context
  fixes x y :: real
  assumes x: "15 \<le> x" and y: "0 < y" "3/4 \<le> y^2" "y \<le> 1"
begin

lemma exp_tail_le:
  assumes R: "3 \<le> R" and D: "D \<le> 3 * R"
  shows "exp (- x * R) * (8 * x^2 * R^2) \<le> x^2 / 100 * exp (- x / y) * exp (- D)"
proof -
  have iy: "1/y \<le> 7/6"
    using six_sevenths_le[OF y] y by (simp add: field_simps)
  have "15 * (R - 1/y) \<le> x * (R - 1/y)"
    using x R iy by (intro mult_right_mono) auto
  then have e1: "- x * R \<le> - x / y - 15 * (R - 1/y)"
    by (simp add: algebra_simps)
  have e2: "R - x / y - 15 * (R - 1/y) \<le> - x / y - D - 25/2"
    using R D iy unfolding right_diff_distrib by linarith
  have "R^2 \<le> 2 * exp R"
    using exp_lower_Taylor_quadratic[of R] R by simp
  then have "exp (- x * R) * (8 * x^2 * R^2) \<le> exp (- x / y - 15 * (R - 1/y)) * (8 * x^2 * (2 * exp R))"
    using e1 by (intro mult_mono) auto
  also have "\<dots> = 16 * x^2 * exp (R - x / y - 15 * (R - 1/y))"
    by (simp add: exp_add[symmetric] algebra_simps)
  also have "\<dots> \<le> 16 * x^2 * exp (- x / y - D - 25/2)"
    using e2 by (intro mult_left_mono) auto
  also have "\<dots> = 16 / exp (25/2) * x^2 * exp (- x / y) * exp (- D)"
    by (simp only: exp_diff exp_minus) (simp add: field_simps)
  also have "\<dots> \<le> 1/100 * x^2 * exp (- x / y) * exp (- D)"
    using exp_25_half_ge by (intro mult_right_mono) (auto simp: field_simps)
  finally show ?thesis
    by simp
qed

lemma abs_summand_deriv2_outside_le:
  assumes p: "p \<notin> hexagon_points"
  shows "\<bar>summand_deriv2 x (fst p) (snd p) y\<bar> \<le> x^2 / 100 * exp (- x / y) * exp_neg_l1 p"
proof -
  define R where "R = qform (fst p) (snd p) y"
  have y': "4/5 \<le> y" "y \<le> 21/20"
    using six_sevenths_le[OF y] y by auto
  have R: "3 \<le> R"
    unfolding R_def using qform_outside_hexagon_points_ge[OF y] p by (cases p) auto
  have D: "\<bar>real_of_int (fst p)\<bar> + \<bar>real_of_int (snd p)\<bar> \<le> 3 * R"
    unfolding R_def using qform_ge_l1[OF y'] by (simp add: field_simps)
  have "\<bar>summand_deriv2 x (fst p) (snd p) y\<bar> \<le> exp (- x * R) * ((4*x + 24) * R + ((2*x + 8) * R)^2)"
    unfolding R_def by (rule abs_summand_deriv2_le[OF y']) (use x in simp)
  also have "\<dots> \<le> exp (- x * R) * (8 * x^2 * R^2)"
    using tail_polynomial_le[OF x R] by (intro mult_left_mono) auto
  also have "\<dots> \<le> x^2 / 100 * exp (- x / y) * exp_neg_l1 p"
    using exp_tail_le[OF R D] unfolding exp_neg_l1_def by simp
  finally show ?thesis .
qed

lemma infsum_summand_deriv2_neg:
  "(\<Sum>\<^sub>\<infinity>p. summand_deriv2 x (real_of_int (fst p)) (real_of_int (snd p)) y) < 0"
proof -
  define f where "f p = summand_deriv2 x (real_of_int (fst p)) (real_of_int (snd p)) y" for p
  define c where "c = x^2 / 100 * exp (- x / y)"
  have y': "4/5 \<le> y" "y \<le> 21/20"
    using six_sevenths_le[OF y] y by auto
  have summable: "f summable_on A" for A
    unfolding f_def
    by (rule summable_on_dominated[OF summable_on_cmult_right[OF summable_on_exp_neg_l1,
              where c = "(4*x + 24) + 2 * (2*x + 8)^2"]])
       (use abs_summand_deriv2_le_exp_neg_l1[OF _ y'] x in auto)
  have "infsum f UNIV = infsum f hexagon_points + infsum f (UNIV - hexagon_points)"
    using infsum_Un_disjoint[OF summable summable, of hexagon_points "UNIV - hexagon_points"] by simp
  also have "infsum f hexagon_points
      = f (0,0) + f (1,0) + f (-1,0) + f (0,1) + f (0,-1) + f (-1,1) + f (1,-1)"
    by (simp add: hexagon_points_def algebra_simps)
  also have "\<dots> \<le> 0 + 2 * (- (x^2 / 4) * exp (- x / y)) + 0"
  proof -
    have "f (0,0) = 0"
      unfolding f_def by (simp add: summand_deriv2_def qform_deriv_def qform_deriv2_def
          phase_deriv_def phase_deriv2_def)
    moreover have "f (1,0) \<le> - (x^2 / 4) * exp (- x / y)" "f (-1,0) \<le> - (x^2 / 4) * exp (- x / y)"
      unfolding f_def using summand_deriv2_axis_le[OF x y] by simp_all
    moreover have "f (0,1) \<le> 0" "f (0,-1) \<le> 0" "f (-1,1) \<le> 0" "f (1,-1) \<le> 0"
      unfolding f_def using summand_deriv2_neighbour_nonpos[OF x y] by simp_all
    ultimately show ?thesis
      by linarith
  qed
  also have "infsum f (UNIV - hexagon_points) \<le> 9 * c"
  proof -
    have "infsum f (UNIV - hexagon_points) \<le> (\<Sum>\<^sub>\<infinity>p\<in>UNIV - hexagon_points. c * exp_neg_l1 p)"
    proof (rule infsum_mono[OF summable summable_on_cmult_right[OF summable_on_exp_neg_l1]])
      fix p
      assume "p \<in> UNIV - hexagon_points"
      then show "f p \<le> c * exp_neg_l1 p"
        using abs_summand_deriv2_outside_le[of p] unfolding f_def c_def by (simp add: abs_le_iff)
    qed
    also have "\<dots> = c * (\<Sum>\<^sub>\<infinity>p\<in>UNIV - hexagon_points. exp_neg_l1 p)"
      by (rule infsum_cmult_right) (rule summable_on_exp_neg_l1)
    also have "\<dots> \<le> c * 9"
      using infsum_exp_neg_l1_le by (intro mult_left_mono) (auto simp: c_def)
    finally show ?thesis
      by simp
  qed
  finally have "infsum f UNIV \<le> - (41/100) * (x^2 * exp (- x / y))"
    by (simp add: c_def algebra_simps)
  also have "\<dots> < 0"
    using x by simp
  finally show ?thesis
    unfolding f_def .
qed

end

theorem mainTheorem19:
  fixes \<alpha> y :: real
  assumes "\<alpha> \<ge> 5"
    and "sqrt 3 / 2 \<le> y" and "y \<le> sqrt 3 / 2 + 1 / (4 * sqrt \<alpha>)"
  shows "deriv (deriv (g \<alpha>)) y < 0"
proof -
  have x: "15 \<le> pi * \<alpha>"
    using mult_mono[of 3 pi 5 \<alpha>] assms(1) pi_gt3 by simp
  have y_pos: "0 < y"
    using assms(2) real_sqrt_gt_zero[of 3] by linarith
  have y_sq: "3/4 \<le> y^2"
    using power_mono[OF assms(2), of 2] by (simp add: power_divide)
  have "sqrt 3 \<le> 7/4"
    by (rule real_le_lsqrt) (auto simp: power2_eq_square)
  moreover have "1 / (4 * sqrt \<alpha>) \<le> 1 / (4 * 2)"
    using real_le_rsqrt[of 2 \<alpha>] assms(1) by (intro divide_left_mono) auto
  ultimately have y_le: "y \<le> 1"
    using assms(3) by linarith
  have "deriv (deriv (g \<alpha>)) y
      = (\<Sum>\<^sub>\<infinity>p. summand_deriv2 (pi * \<alpha>) (real_of_int (fst p)) (real_of_int (snd p)) y)"
    using six_sevenths_le[OF y_pos y_sq y_le] y_le x by (intro deriv2_g_eq) auto
  also have "\<dots> < 0"
    by (rule infsum_summand_deriv2_neg[OF x y_pos y_sq y_le])
  finally show ?thesis .
qed

end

------------------------------------------------------------------------

Output the first line of the entries above and every line after it, exactly as written, ending with the line that contains "exp (25/2) *".

• **PROBLEM SOLUTION**:
context
  fixes x y :: real
  assumes x: "15 \<le> x" and y: "0 < y" "3/4 \<le> y^2" "y \<le> 1"
begin

lemma exp_tail_le:
  assumes R: "3 \<le> R" and D: "D \<le> 3 * R"
  shows "exp (- x * R) * (8 * x^2 * R^2) \<le> x^2 / 100 * exp (- x / y) * exp (- D)"
proof -
  have iy: "1/y \<le> 7/6"
    using six_sevenths_le[OF y] y by (simp add: field_simps)
  have "15 * (R - 1/y) \<le> x * (R - 1/y)"
    using x R iy by (intro mult_right_mono) auto
  then have e1: "- x * R \<le> - x / y - 15 * (R - 1/y)"
    by (simp add: algebra_simps)
  have e2: "R - x / y - 15 * (R - 1/y) \<le> - x / y - D - 25/2"
    using R D iy unfolding right_diff_distrib by linarith
  have "R^2 \<le> 2 * exp R"
    using exp_lower_Taylor_quadratic[of R] R by simp
  then have "exp (- x * R) * (8 * x^2 * R^2) \<le> exp (- x / y - 15 * (R - 1/y)) * (8 * x^2 * (2 * exp R))"
    using e1 by (intro mult_mono) auto
  also have "\<dots> = 16 * x^2 * exp (R - x / y - 15 * (R - 1/y))"
    by (simp add: exp_add[symmetric] algebra_simps)
  also have "\<dots> \<le> 16 * x^2 * exp (- x / y - D - 25/2)"
    using e2 by (intro mult_left_mono) auto
  also have "\<dots> = 16 / exp (25/2) * x^2 * exp (- x / y) * exp (- D)"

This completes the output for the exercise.